A yardstick to measure an orgnaistion is the degree of success of the organisation


in meeting its raison d’etre. The responsibilities of the police as an organisation basically
is three fold, in that enforcing the rule of law, assisting the judiciary in dispensation of
justice and functioning as the watchdog of the internal security of the country. The three
responsibilities do widely vary in their scope, functional requirements and
appropinquation that while the police function as law enforcers while discharging law
and order responsibilities, they may sometimes be called to break laws though
surreptitiously as the watchdogs of the internal security of the country. Or while they
function only as a fact-finding machine to the judiciary, in enforcing the rule of law in
their capacity as the investigating authority, they may be called to enforce laws as
enforcers of law and order. In spite of these wide variations in the nature of the works
and responsibilities on their bold shoulders, one thing that holds all works and
responsibilities of the police together is its importance as the spine of the rule of law.

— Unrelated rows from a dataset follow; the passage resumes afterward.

lemma connected_set_star:
  assumes "\<forall>b\<in>X. {a, b} \<in> E"
  shows "connected_set E (insert a X)"
proof (rule connected_setI)
  let ?R = "induced_adj E (insert a X)"
  have to_a: "?R\<^sup>*\<^sup>* u a" if "u \<in> insert a X" for u
  proof (cases "u = a")
    case False
    with that assms have "{u, a} \<in> E" by (auto simp: insert_commute)
    with that show ?thesis by (intro r_into_rtranclp) (simp add: induced_adj_def)
  qed simp
  fix u w assume "u \<in> insert a X" "w \<in> insert a X"
  from to_a[OF this(1)] induced_adj_rtranclp_sym[OF to_a[OF this(2)]]
  show "?R\<^sup>*\<^sup>* u w" by (rule rtranclp_trans)
qed simp

lemma rtranclp_leaves_set:
  assumes "R\<^sup>*\<^sup>* u w" "u \<in> U" "w \<notin> U"
  obtains x y where "R x y" "x \<in> U" "y \<notin> U"
  using assms by (induction rule: rtranclp_induct) blast+

section \<open>Minor models\<close>

definition minor_model :: "'b set \<Rightarrow> 'b set set \<Rightarrow> 'a set \<Rightarrow> 'a set set \<Rightarrow> ('b \<Rightarrow> 'a set) \<Rightarrow> bool" where
  "minor_model VH EH VG EG \<phi> \<longleftrightarrow> (\<forall>v\<in>VH. \<phi> v \<subseteq> VG \<and> connected_set EG (\<phi> v)) \<and>
     (\<forall>v\<in>VH. \<forall>w\<in>VH. v \<noteq> w \<longrightarrow> \<phi> v \<inter> \<phi> w = {}) \<and>
     (\<forall>v w. {v, w} \<in> EH \<longrightarrow> (\<exists>x\<in>\<phi> v. \<exists>y\<in>\<phi> w. {x, y} \<in> EG))"

lemma is_minor_iff_minor_model: "is_minor VH EH VG EG \<longleftrightarrow> (\<exists>\<phi>. minor_model VH EH VG EG \<phi>)"
  by (simp add: is_minor_def minor_model_def)

lemma minor_modelD:
  assumes "minor_model VH EH VG EG \<phi>"
  shows minor_model_subset: "v \<in> VH \<Longrightarrow> \<phi> v \<subseteq> VG"
    and minor_model_connected: "v \<in> VH \<Longrightarrow> connected_set EG (\<phi> v)"
    and minor_model_disjoint: "v \<in> VH \<Longrightarrow> w \<in> VH \<Longrightarrow> v \<noteq> w \<Longrightarrow> \<phi> v \<inter> \<phi> w = {}"
    and minor_model_edge: "{v, w} \<in> EH \<Longrightarrow> \<exists>x\<in>\<phi> v. \<exists>y\<in>\<phi> w. {x, y} \<in> EG"
  using assms unfolding minor_model_def by auto

lemma connected_set_UN_branch_sets:
  assumes H: "connected_set EH X" and \<beta>: "minor_model VH EH VG EG \<beta>" and "X \<subseteq> VH"
  shows "connected_set EG (\<Union>(\<beta> ` X))"
proof (rule connected_setI)
  let ?R = "induced_adj EG (\<Union>(\<beta> ` X))"
  have within: "?R\<^sup>*\<^sup>* u w" if "a \<in> X" "u \<in> \<beta> a" "w \<in> \<beta> a" for a u w
  proof -
    have "a \<in> VH" using that(1) \<open>X \<subseteq> VH\<close> by blast
    from connected_setD[OF minor_model_connected[OF \<beta> this] that(2,3)]
    show ?thesis by (rule induced_adj_rtranclp_mono) (use that(1) in auto)
  qed
  have along: "\<forall>u\<in>\<beta> a. \<forall>w\<in>\<beta> a'. ?R\<^sup>*\<^sup>* u w"
    if "(induced_adj EH X)\<^sup>*\<^sup>* a a'" "a \<in> X" for a a'
    using that(1)
  proof (induction rule: rtranclp_induct)
    case base then show ?case using within that(2) by blast
  next
    case (step y z)
    then have yz: "y \<in> X" "z \<in> X" "{y, z} \<in> EH" by (auto simp: induced_adj_def)
    obtain p q where pq: "p \<in> \<beta> y" "q \<in> \<beta> z" "{p, q} \<in> EG"
      using minor_model_edge[OF \<beta> yz(3)] by blast
    show ?case
    proof (intro ballI)
      fix u w assume u: "u \<in> \<beta> a" and w: "w \<in> \<beta> z"
      have "?R\<^sup>*\<^sup>* u p" using step.IH u pq(1) by blast
      moreover have "?R p q" using pq yz by (auto simp: induced_adj_def)
      ultimately have "?R\<^sup>*\<^sup>* u q" by (rule rtranclp.rtrancl_into_rtrancl)
      then show "?R\<^sup>*\<^sup>* u w" using within[OF yz(2) pq(2) w] by (rule rtranclp_trans)
    qed
  qed
  show "\<Union>(\<beta> ` X) \<noteq> {}"
    using connected_set_nonempty[OF H] connected_set_nonempty[OF minor_model_connected[OF \<beta>]]
      \<open>X \<subseteq> VH\<close> by blast
  fix u w assume "u \<in> \<Union>(\<beta> ` X)" "w \<in> \<Union>(\<beta> ` X)"
  then obtain a a' where "a \<in> X" "a' \<in> X" "u \<in> \<beta> a" "w \<in> \<beta> a'" by blast
  with along[OF connected_setD[OF H \<open>a \<in> X\<close> \<open>a' \<in> X\<close>]] show "?R\<^sup>*\<^sup>* u w" by blast
qed

lemma minor_model_compose:
  assumes \<phi>: "minor_model VK EK VH EH \<phi>" and \<beta>: "minor_model VH EH VG EG \<beta>"
  shows "minor_model VK EK VG EG (\<lambda>k. \<Union>(\<beta> ` \<phi> k))"
  unfolding minor_model_def
proof (intro conjI ballI allI impI)
  fix k assume k: "k \<in> VK"
  show "\<Union>(\<beta> ` \<phi> k) \<subseteq> VG"
    using minor_model_subset[OF \<beta>] minor_model_subset[OF \<phi> k] by blast
  show "connected_set EG (\<Union>(\<beta> ` \<phi> k))"
    by (rule connected_set_UN_branch_sets[OF minor_model_connected[OF \<phi> k] \<beta> minor_model_subset[OF \<phi> k]])
next
  fix k k' assume k: "k \<in> VK" "k' \<in> VK" "k \<noteq> k'"
  show "\<Union>(\<beta> ` \<phi> k) \<inter> \<Union>(\<beta> ` \<phi> k') = {}"
  proof (rule equals0I)
    fix x assume "x \<in> \<Union>(\<beta> ` \<phi> k) \<inter> \<Union>(\<beta> ` \<phi> k')"
    then obtain a a' where a: "a \<in> \<phi> k" "a' \<in> \<phi> k'" "x \<in> \<beta> a" "x \<in> \<beta> a'" by blast
    have "a \<noteq> a'" using a(1,2) minor_model_disjoint[OF \<phi> k] by blast
    moreover have "a \<in> VH" "a' \<in> VH" using a(1,2) minor_model_subset[OF \<phi>] k(1,2) by blast+
    ultimately show False using a(3,4) minor_model_disjoint[OF \<beta>] by blast
  qed
next
  fix v w assume "{v, w} \<in> EK"
  then obtain p q where pq: "p \<in> \<phi> v" "q \<in> \<phi> w" "{p, q} \<in> EH"
    using minor_model_edge[OF \<phi>] by blast
  then obtain x y where "x \<in> \<beta> p" "y \<in> \<beta> q" "{x, y} \<in> EG"
    using minor_model_edge[OF \<beta>] by blast
  with pq show "\<exists>x\<in>\<Union>(\<beta> ` \<phi> v). \<exists>y\<in>\<Union>(\<beta> ` \<phi> w). {x, y} \<in> EG" by blast
qed

definition quotient_edges :: "'b set \<Rightarrow> 'a set set \<Rightarrow> ('b \<Rightarrow> 'a set) \<Rightarrow> 'b set set" where
  "quotient_edges VH E \<phi> =
     {{v, w} | v w. v \<in> VH \<and> w \<in> VH \<and> v \<noteq> w \<and> (\<exists>x\<in>\<phi> v. \<exists>y\<in>\<phi> w. {x, y} \<in> E)}"

lemma quotient_edgesE:
  assumes "e \<in> quotient_edges VH E \<phi>"
  obtains v w x y where "e = {v, w}" "v \<in> VH" "w \<in> VH" "v \<noteq> w" "x \<in> \<phi> v" "y \<in> \<phi> w" "{x, y} \<in> E"
  using assms unfolding quotient_edges_def by auto

lemma quotient_edgesI:
  "v \<in> VH \<Longrightarrow> w \<in> VH \<Longrightarrow> v \<noteq> w \<Longrightarrow> x \<in> \<phi> v \<Longrightarrow> y \<in> \<phi> w \<Longrightarrow> {x, y} \<in> E
    \<Longrightarrow> {v, w} \<in> quotient_edges VH E \<phi>"
  unfolding quotient_edges_def by auto

lemma graph_quotient_edges: "finite VH \<Longrightarrow> graph VH (quotient_edges VH E \<phi>)"
  unfolding graph_def by (blast elim: quotient_edgesE)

The police is the cutting edge of the administration. It is the watchdog of the
administration. This scope of the police often renders it to appear like the odd-job boy of
the statecraft. They, as ultima ratio, are the real dispenser of the rule of law as well as the
guardian angels of the country. This vital place in the administration of the country,
makes the police not only the arms, legs, eyes, ears and noses of the administration, but
the very tool of the country’s well being and survival. The police is one of the most
important levers required in running the machinery of the statecraft. It is why the blind
rush and impatient race among rulers to control this vital lever.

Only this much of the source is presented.